--- Data records Enclosed Below ---

lemma Lfun_le_decomp_cost:
  assumes d: "\<forall>j<r. d j > 0" and \<beta>: "\<beta> > 0" and x: "x = (\<Sum>j<r. w j *s a j) + e"
  shows "Lfun x (r, a, d) \<beta> \<le>
    (\<Sum>j<r. d j) / 2 + ((\<Sum>j<r. (cmod (w j))\<^sup>2 / d j) + (norm e)\<^sup>2 / \<beta>) / 2"
proof -
  have d0: "\<forall>j<r. d j \<ge> 0" using d by auto
  obtain y where y: "reg_gram r a d \<beta> *v y = x" using reg_gram_surj[OF d0 \<beta>] .
  define Q where "Q = (\<Sum>j<r. d j * (cmod (cinner (a j) y))\<^sup>2) + \<beta> * (norm y)\<^sup>2"
  have "cinner y x = of_real Q"
    using cinner_reg_gram[of y r a d \<beta>] by (simp add: Q_def y)
  then have "Q = Re (cinner x y)"
    by (metis Re_complex_of_real cnj_cinner complex_cnj_complex_of_real)
  also have "\<dots> = (\<Sum>j<r. Re (cnj (w j) * cinner (a j) y)) + inner e y"
    by (simp add: x cinner_add_left cinner_sum_left cinner_scale_left Re_cinner)
  also have "\<dots> \<le> (\<Sum>j<r. cmod (w j) * cmod (cinner (a j) y)) + norm e * norm y"
    by (intro add_mono sum_mono norm_cauchy_schwarz)
       (metis complex_Re_le_cmod complex_mod_cnj norm_mult)
  also have "\<dots> \<le> ((\<Sum>j<r. (cmod (w j))\<^sup>2 / d j) + (norm e)\<^sup>2 / \<beta> + Q) / 2"
  proof -
    have "2 * (cmod (w j) * cmod (cinner (a j) y))
        \<le> (cmod (w j))\<^sup>2 / d j + d j * (cmod (cinner (a j) y))\<^sup>2" if "j < r" for j
      using weighted_am_gm[of "d j"] d that by (simp add: mult.assoc)
    then have "2 * (\<Sum>j<r. cmod (w j) * cmod (cinner (a j) y))
        \<le> (\<Sum>j<r. (cmod (w j))\<^sup>2 / d j) + (\<Sum>j<r. d j * (cmod (cinner (a j) y))\<^sup>2)"
      by (simp add: sum_distrib_left flip: sum.distrib) (rule sum_mono, simp)
    moreover have "2 * (norm e * norm y) \<le> (norm e)\<^sup>2 / \<beta> + \<beta> * (norm y)\<^sup>2"
      using weighted_am_gm[OF \<beta>] by (simp add: mult.assoc)
    ultimately show ?thesis by (simp add: Q_def)
  qed
  finally have "Q \<le> (\<Sum>j<r. (cmod (w j))\<^sup>2 / d j) + (norm e)\<^sup>2 / \<beta>" by simp
  then show ?thesis
    using Lfun_eq_energy[OF d0 \<beta> y] unfolding Q_def[symmetric] by simp
qed

lemma Lfun_attains_decomp_cost:
  assumes d: "\<forall>j<r. d j > 0" and \<beta>: "\<beta> > 0"
  obtains w e where "x = (\<Sum>j<r. w j *s a j) + e"
    and "Lfun x (r, a, d) \<beta> =
      (\<Sum>j<r. d j) / 2 + ((\<Sum>j<r. (cmod (w j))\<^sup>2 / d j) + (norm e)\<^sup>2 / \<beta>) / 2"
proof -
  have d0: "\<forall>j<r. d j \<ge> 0" using d by auto
  obtain y where y: "reg_gram r a d \<beta> *v y = x" using reg_gram_surj[OF d0 \<beta>] .
  define w where "w j = of_real (d j) * cinner (a j) y" for j
  have "x = (\<Sum>j<r. w j *s a j) + \<beta> *\<^sub>R y"
    by (simp add: w_def reg_gram_mult flip: y scale_of_real_eq_scaleR)
  moreover have "(\<Sum>j<r. (cmod (w j))\<^sup>2 / d j) = (\<Sum>j<r. d j * (cmod (cinner (a j) y))\<^sup>2)"
    using d by (intro sum.cong) (auto simp: w_def norm_mult power2_eq_square)
  moreover have "(norm (\<beta> *\<^sub>R y))\<^sup>2 / \<beta> = \<beta> * (norm y)\<^sup>2"
    using \<beta> by (simp add: power2_eq_square)
  ultimately show ?thesis
    using Lfun_eq_energy[OF d0 \<beta> y] by (intro that[of w "\<beta> *\<^sub>R y"]) simp_all
qed

lemma Lfun_antimono:
  assumes d: "\<forall>j<r. d j > 0" and \<beta>: "0 < \<beta>\<^sub>1" "\<beta>\<^sub>1 \<le> \<beta>\<^sub>2"
  shows "Lfun x (r, a, d) \<beta>\<^sub>2 \<le> Lfun x (r, a, d) \<beta>\<^sub>1"
proof -
  obtain w e where x: "x = (\<Sum>j<r. w j *s a j) + e"
    and L1: "Lfun x (r, a, d) \<beta>\<^sub>1 =
      (\<Sum>j<r. d j) / 2 + ((\<Sum>j<r. (cmod (w j))\<^sup>2 / d j) + (norm e)\<^sup>2 / \<beta>\<^sub>1) / 2"
    using Lfun_attains_decomp_cost[OF d \<beta>(1)] .
  have "(norm e)\<^sup>2 / \<beta>\<^sub>2 \<le> (norm e)\<^sup>2 / \<beta>\<^sub>1"
    using \<beta> by (intro divide_left_mono) auto
  then show ?thesis
    using Lfun_le_decomp_cost[OF d _ x, of \<beta>\<^sub>2] L1 \<beta> by argo
qed

lemma Lfun_ge_decomp:
  assumes d: "\<forall>j<r. d j > 0" and \<beta>: "\<beta> > 0"
  obtains w e where "x = (\<Sum>j<r. w j *s a j) + e"
    and "(\<Sum>j<r. cmod (w j)) + (norm e)\<^sup>2 / (2 * \<beta>) \<le> Lfun x (r, a, d) \<beta>"
proof -
  obtain w e where x: "x = (\<Sum>j<r. w j *s a j) + e"
    and L: "Lfun x (r, a, d) \<beta> =
      (\<Sum>j<r. d j) / 2 + ((\<Sum>j<r. (cmod (w j))\<^sup>2 / d j) + (norm e)\<^sup>2 / \<beta>) / 2"
    using Lfun_attains_decomp_cost[OF d \<beta>] .
  have "2 * cmod (w j) \<le> (cmod (w j))\<^sup>2 / d j + d j" if "j < r" for j
    using weighted_am_gm[of "d j" "cmod (w j)" 1] d that by simp
  then have "2 * (\<Sum>j<r. cmod (w j)) \<le> (\<Sum>j<r. (cmod (w j))\<^sup>2 / d j) + (\<Sum>j<r. d j)"
    by (simp add: sum_distrib_left flip: sum.distrib) (rule sum_mono, simp)
  then have "(\<Sum>j<r. cmod (w j)) + (norm e)\<^sup>2 / (2 * \<beta>) \<le> Lfun x (r, a, d) \<beta>"
    unfolding L by argo
  with x show ?thesis by (rule that)
qed

lemma Lfun_le_sum_norm:
  assumes \<epsilon>: "\<epsilon> > 0" and \<beta>: "\<beta> > 0" and x: "x = (\<Sum>j<r. s j *s a j)"
  shows "Lfun x (r, a, \<lambda>j. cmod (s j) + \<epsilon>) \<beta> \<le> (\<Sum>j<r. cmod (s j)) + r * \<epsilon> / 2"
proof -
  define d where "d j = cmod (s j) + \<epsilon>" for j
  have d_pos: "d j > 0" for j using \<epsilon> by (simp add: d_def add_nonneg_pos)
  then have d: "\<forall>j<r. d j > 0" by simp
  have "(cmod (s j))\<^sup>2 / d j \<le> cmod (s j)" for j
  proof -
    have "(cmod (s j))\<^sup>2 \<le> cmod (s j) * d j"
      using \<epsilon> by (simp add: d_def power2_eq_square algebra_simps)
    then show ?thesis by (simp add: pos_divide_le_eq[OF d_pos])
  qed
  then have "(\<Sum>j<r. (cmod (s j))\<^sup>2 / d j) \<le> (\<Sum>j<r. cmod (s j))"
    by (rule sum_mono)
  moreover have "(\<Sum>j<r. d j) = (\<Sum>j<r. cmod (s j)) + r * \<epsilon>"
    by (simp add: d_def sum.distrib)
  moreover have "Lfun x (r, a, d) \<beta> \<le> (\<Sum>j<r. d j) / 2 + (\<Sum>j<r. (cmod (s j))\<^sup>2 / d j) / 2"
    using Lfun_le_decomp_cost[OF d \<beta>, of x s a 0] x by simp
  ultimately have "Lfun x (r, a, d) \<beta> \<le> (\<Sum>j<r. cmod (s j)) + r * \<epsilon> / 2" by argo
  then show ?thesis unfolding d_def .
qed
lemma dense_approx:
  assumes "x \<in> closure D"
  shows "dense_approx D x k \<in> D" and "dense_approx D x \<longlonglongrightarrow> x"
proof -
  have "\<exists>a. (\<forall>k. a k \<in> D) \<and> a \<longlonglongrightarrow> x"
    using assms by (simp add: closure_sequential)
  from someI_ex[OF this] show "dense_approx D x k \<in> D" "dense_approx D x \<longlonglongrightarrow> x"
    unfolding dense_approx_def by auto
qed

text \<open>Defined along fixed approximating sequences, rather than by choosing an extension, so that it
  depends measurably on \<open>f\<close>; \<open>0\<close> is a junk value for \<open>f\<close> not uniformly continuous on \<open>D\<close>.\<close>
definition dense_extension :: "'a::metric_space set \<Rightarrow> ('a \<Rightarrow> 'b::{metric_space,zero}) \<Rightarrow> 'a \<Rightarrow> 'b" where
  "dense_extension D f x =
     (if uniformly_continuous_on D f then lim (\<lambda>k. f (dense_approx D x k)) else 0)"

lemma dense_extension_eq:
  assumes "uniformly_continuous_on D f" and g: "continuous_on (closure D) g"
    and fg: "\<And>p. p \<in> D \<Longrightarrow> f p = g p" and x: "x \<in> closure D"
  shows "dense_extension D f x = g x"
proof -
  have "(\<lambda>k. g (dense_approx D x k)) \<longlonglongrightarrow> g x"
    using dense_approx[OF x] closure_subset
    by (intro continuous_on_tendsto_compose[OF g _ x] always_eventually) blast+
  moreover have "f (dense_approx D x k) = g (dense_approx D x k)" for k
    using fg dense_approx(1)[OF x] .
  ultimately have "(\<lambda>k. f (dense_approx D x k)) \<longlonglongrightarrow> g x"
    by simp
  then show ?thesis
    using assms(1) unfolding dense_extension_def by (simp add: limI)
qed

lemma dense_extension_eq_compact:
  assumes "compact (closure D)" "continuous_on (closure D) g"
    and "\<And>p. p \<in> D \<Longrightarrow> f p = g p" and "x \<in> closure D"
  shows "dense_extension D f x = g x"
proof (rule dense_extension_eq[OF _ assms(2-4)])
  have "uniformly_continuous_on (closure D) g"
    using compact_uniformly_continuous[OF assms(2,1)] .
  then show "uniformly_continuous_on D f"
    using assms(3) closure_subset unfolding uniformly_continuous_on_def by (metis subsetD)
qed
lemma inner_series_nth_eq_inner_poly_nth:
  assumes "2 \<le> d" and "j < N * d"
  shows "inner_series d c a $ j = inner_poly N d c a $ j"
proof -
  have poly_nth: "inner_poly N d c a $ j = (\<Sum>k<N. if j = term_degree d k then term_coeff c a k else 0)"
    unfolding inner_poly_def fps_sum_nth by (intro sum.cong) auto
  have series_nth: "inner_series d c a $ j
      = (if j = 1 then c else 0) + (if 0 < j \<and> d dvd j then a (j div d) else 0)"
    by (simp add: inner_series_def seq_fps_pow_def fps_X_nth)
  consider "j = 1" | "0 < j" "d dvd j" | "j \<noteq> 1" "\<not> (0 < j \<and> d dvd j)" by blast
  thus ?thesis
  proof cases
    case 1
    hence "inner_poly N d c a $ j = (\<Sum>k<N. if k = 0 then c else 0)"
      unfolding poly_nth using assms(1)
      by (intro sum.cong) (auto simp: term_degree_def term_coeff_def)
    thus ?thesis unfolding series_nth using 1 assms by (auto intro: Nat.gr0I)
  next
    case 2
    define K where "K = j div d"
    have j: "j = K * d" using 2 by (simp add: K_def)
    have "1 \<le> K" "K < N" using 2 j assms by (auto intro: Nat.gr0I)
    have "d \<le> j" unfolding j using \<open>1 \<le> K\<close> by simp
    hence "j \<noteq> 1" using assms(1) by linarith
    have "inner_poly N d c a $ j = (\<Sum>k<N. if k = K then a K else 0)"
      unfolding poly_nth using \<open>1 \<le> K\<close> assms(1) j
      by (intro sum.cong) (auto simp: term_degree_def term_coeff_def)
    thus ?thesis unfolding series_nth using 2 \<open>K < N\<close> \<open>j \<noteq> 1\<close> by (simp add: K_def)
  next
    case 3
    hence "inner_poly N d c a $ j = 0"
      unfolding poly_nth using assms(1) by (intro sum.neutral) (auto simp: term_degree_def)
    thus ?thesis unfolding series_nth using 3 by auto
  qed
qed

lemma coeff_eq_gbinomial_power:
  fixes c :: "'a::field_char_0"
  assumes "2 \<le> d" and "defining_identity d c a" and "1 \<le> n" and "n < d"
  shows "a n = ((1 / of_nat d) gchoose n) * c ^ n"
proof -
  have power_nth: "inner_series d c a ^ m $ n = (if m = n then c ^ n else 0)" for m
  proof -
    have "inner_series d c a $ j = (fps_const c * fps_X) $ j" if "j \<le> n" for j
    proof -
      have "inner_series d c a $ j = inner_poly 1 d c a $ j"
        using that assms(1,4) by (intro inner_series_nth_eq_inner_poly_nth) auto
      thus ?thesis by (simp add: inner_poly_def term_coeff_def term_degree_def)
    qed
    hence "inner_series d c a ^ m $ n = (fps_const c * fps_X) ^ m $ n"
      by (rule fps_power_nth_cong)
    thus ?thesis by (simp add: power_mult_distrib fps_const_power)
  qed
  have "a n = (\<Sum>m=0..n. if m = n then ((1 / of_nat d) gchoose n) * c ^ n else 0)"
    using coeff_eq_gbinomial_sum[OF _ assms(2,3)] assms(1) by (simp add: power_nth if_distrib cong: if_cong)
  thus ?thesis by simp
qed

lemma alpha_eq_gbinomial_multinomial:
  fixes c :: "'a::field_char_0" and i :: nat
  assumes "0 < d"
  defines "N \<equiv> d ^ i"
  shows "alpha d i c a t = ((1 / of_nat d) gchoose (\<Sum>k<N. t k))
           * (fact (\<Sum>k<N. t k) / (\<Prod>k<N. fact (t k))) * (\<Prod>k<N. term_coeff c a k ^ t k)"
proof -
  define M where "M = (\<Sum>k<N. t k)"
  have "0 < N" using assms by (simp add: N_def)
  have "(of_nat d :: 'a) \<noteq> 0" using assms by simp
  have gbinomial_fact: "((1 / of_nat d) gchoose M) * fact M
      = (\<Prod>j<M. 1 - of_nat j * of_nat d) / (of_nat d :: 'a) ^ M"
  proof -
    have "((1 / of_nat d) gchoose M) * fact M = (\<Prod>j<M. (1 / of_nat d :: 'a) - of_nat j)"
      by (simp add: gbinomial_mult_fact' atLeast0LessThan)
    also have "\<dots> = (\<Prod>j<M. (1 - of_nat j * of_nat d) / (of_nat d :: 'a))"
      using \<open>of_nat d \<noteq> 0\<close> by (intro prod.cong) (auto simp: field_simps)
    finally show ?thesis by (simp add: prod_dividef)
  qed
  have "alpha d i c a t
      = (\<Prod>k<N. term_coeff c a k ^ t k / ((of_nat d :: 'a) ^ t k * fact (t k)))
        * (\<Prod>j<M. 1 - of_nat j * of_nat d)"
    unfolding alpha_def prod.atLeast_Suc_lessThan[OF \<open>0 < N\<close>, unfolded atLeast0LessThan]
    by (simp add: M_def N_def term_coeff_def)
  also have "\<dots> = ((1 / of_nat d) gchoose M) * fact M / (\<Prod>k<N. fact (t k))
                   * (\<Prod>k<N. term_coeff c a k ^ t k)"
    unfolding gbinomial_fact
    by (simp add: prod_dividef prod.distrib M_def power_sum field_simps)
  finally show ?thesis by (simp add: M_def)
qed
lemma holomorphic_div_sin_pi_continuous:
  fixes f :: "complex \<Rightarrow> complex"
  assumes holo: "f holomorphic_on UNIV" and "f 0 = 0" "f 1 = 0"
  obtains H :: "real \<Rightarrow> complex"
  where "continuous_on {0..1} H" "\<And>u. u \<in> {0<..<1} \<Longrightarrow> f (of_real u) = H u * of_real (sin (pi * u))"
proof
  define Q where "Q w = (if w = 0 \<or> w = 1 then deriv f w / (pi * cos (pi * w)) else f w / sin (pi * w))"
    for w :: complex
  have "isCont Q (of_real u)" if "u \<in> {0..1}" for u
  proof (cases "u = 0 \<or> u = 1")
    case True
    define w0 :: complex where "w0 = of_real u"
    have "w0 = 0 \<or> w0 = 1" using True by (auto simp: w0_def)
    then have "((\<lambda>w. f w / sin (pi * w)) \<longlongrightarrow> Q w0) (at w0)"
      using holomorphic_div_sin_pi_tendsto[OF holo] assms(2,3) by (auto simp: Q_def)
    moreover have "eventually (\<lambda>w. w \<noteq> 0 \<and> w \<noteq> 1) (at w0)"
      by (intro eventually_conj eventually_neq_at_within)
    then have "eventually (\<lambda>w. f w / sin (pi * w) = Q w) (at w0)"
      by (rule eventually_mono) (simp add: Q_def)
    ultimately have "(Q \<longlongrightarrow> Q w0) (at w0)"
      by (rule Lim_transform_eventually)
    then show ?thesis by (simp add: isCont_def w0_def)
  next
    case False
    with that have "sin (pi * u) \<noteq> 0"
      using sin_gt_zero[of "pi * u"] by auto
    then have "sin (pi * complex_of_real u) \<noteq> 0"
      by (simp add: sin_of_real flip: of_real_mult)
    moreover have "eventually (\<lambda>w::complex. w \<in> - {0, 1}) (nhds (of_real u))"
      by (rule eventually_nhds_in_open) (use False in auto)
    then have ev: "eventually (\<lambda>w::complex. Q w = f w / sin (pi * w)) (nhds (of_real u))"
      by (rule eventually_mono) (simp add: Q_def)
    moreover have "isCont f (of_real u)"
      using holomorphic_on_imp_continuous_on[OF holo] by (simp add: continuous_on_eq_continuous_at)
    ultimately show ?thesis
      by (subst isCont_cong[OF ev]) (auto intro!: continuous_intros)
  qed
  then show "continuous_on {0..1} (\<lambda>u. Q (of_real u))"
    by (intro continuous_at_imp_continuous_on ballI isCont_o2[OF isCont_of_real]) auto
  fix u :: real assume "u \<in> {0<..<1}"
  then have "sin (pi * u) \<noteq> 0"
    using sin_gt_zero[of "pi * u"] by auto
  with \<open>u \<in> {0<..<1}\<close> show "f (of_real u) = Q (of_real u) * of_real (sin (pi * u))"
    by (simp add: Q_def sin_of_real flip: of_real_mult)
qed
(* Let $P$ be a finite up-regular order and let $R$ be its relatively maximum full trunk (which exists). Then $\mathrm{Height}(P\setminus R)\le \tfrac12\,\mathrm{Height}(P)$, where $P\setminus R$ denotes the induced suborder on $\mathrm{Dom}(P)\setminus R$.
   Context: Orders are partial orders; $x\sim y$ means $x\ne y$ and $x,y$ incomparable. For a finite order $Q$, $\mathrm{Height}(Q)$ is the maximum cardinality of a chain of $Q$ (0 if $Q$ is empty), and $\mathrm{Level}(x)=\sup\{\mathrm{Level}(y)+1:y<x\}$. An element $x$ of $P$ is up-regular if for all $y,z$ with $\mathrm{Level}(x)<\mathrm{Level}(y)=\mathrm{Level}(z)$ we have $x<y\iff x<z$; $P$ is up-regular if all its elements are. A trunk of $P$ is a subset $T$ such that for pairwise distinct $x,y,z\in T$, $x\sim y$ and $y\sim z$ imply $x\sim z$. A chain is maximum if it has maximum cardinality; a full trunk is a trunk containing a maximum chain; the relatively maximum full trunk is the full trunk that is the unique inclusion-maximal full trunk. *)

theory Defs
  imports Main
begin

text \<open>A finite order is represented by a carrier set A (its domain) together with a
relation le that is a partial order on A.  Suborders are induced suborders on
subsets of A.\<close>

definition partial_order_on' :: "'a set \<Rightarrow> ('a \<Rightarrow> 'a \<Rightarrow> bool) \<Rightarrow> bool" where
  "partial_order_on' A le \<longleftrightarrow>
     (\<forall>x\<in>A. le x x) \<and>
     (\<forall>x\<in>A. \<forall>y\<in>A. le x y \<and> le y x \<longrightarrow> x = y) \<and>
     (\<forall>x\<in>A. \<forall>y\<in>A. \<forall>z\<in>A. le x y \<and> le y z \<longrightarrow> le x z)"

definition lt :: "('a \<Rightarrow> 'a \<Rightarrow> bool) \<Rightarrow> 'a \<Rightarrow> 'a \<Rightarrow> bool" where
  "lt le x y \<longleftrightarrow> le x y \<and> x \<noteq> y"
(* Let $m,n\ge1$ and $k$ be integers with $|k|_m=n$, and let $G=\langle a,b\mid a^m=1=b^n,\ b^{-1}ab=a^k\rangle$. Let $s$ be an odd prime with $\gcd(s,m)=1$, $\zeta$ a primitive $m$-th root of unity in $\overline{\mathbb{F}}_s$, and $q$ a power of $s$. Assume that the automorphism $\tau(x)=x^q$ of $\overline{\mathbb{F}}_s$ acts transitively on $\mathscr{P}=\{\zeta,\zeta^k,\dots,\zeta^{k^{n-1}}\}$. Then the induced representation $\rho^G$ is realizable over $\mathbb{F}_q$.
   Context: $|k|_m$ denotes the multiplicative order of $k$ modulo $m$. $\rho:\langle a\rangle\to\overline{\mathbb{F}}_s^*$ is given by $\rho(a)=\zeta$ and $\rho^G$ is the induced representation of $G$; concretely it acts on a space with basis $e_0,\dots,e_{n-1}$ by $ae_i=\zeta^{k^i}e_i$, $be_i=e_{i+1}$ (indices modulo $n$). A representation of $G$ over $\overline{\mathbb{F}}_s$ is realizable over a subfield $\mathbb{F}_q$ if it is equivalent (over $\overline{\mathbb{F}}_s$) to a matrix representation all of whose matrices have entries in $\mathbb{F}_q$. *)

theory Defs
  imports "HOL-Number_Theory.Number_Theory" "HOL-Computational_Algebra.Polynomial" "Jordan_Normal_Form.Matrix"
begin

(* multiplicative order |k|_m of an integer k modulo m (0 if not coprime) *)
definition mult_ord :: "nat \<Rightarrow> int \<Rightarrow> nat" where
  "mult_ord m k = (if coprime (int m) k then (LEAST d. d > 0 \<and> [k ^ d = 1] (mod int m)) else 0)"

definition prim_root :: "nat \<Rightarrow> 'a::field \<Rightarrow> bool" where
  "prim_root m z \<longleftrightarrow> z ^ m = 1 \<and> (\<forall>j. 0 < j \<and> j < m \<longrightarrow> z ^ j \<noteq> 1)"

(* K is an algebraic closure of F_s: algebraically closed and algebraic over the prime field *)
definition alg_closed :: "'a::field itself \<Rightarrow> bool" where
  "alg_closed _ \<longleftrightarrow> (\<forall>p :: 'a poly. degree p > 0 \<longrightarrow> (\<exists>x. poly p x = 0))"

--- End of Enclosed Data records ---

In the entries above, count each line holding "longleftrightarrow" and report the total and nothing more.

4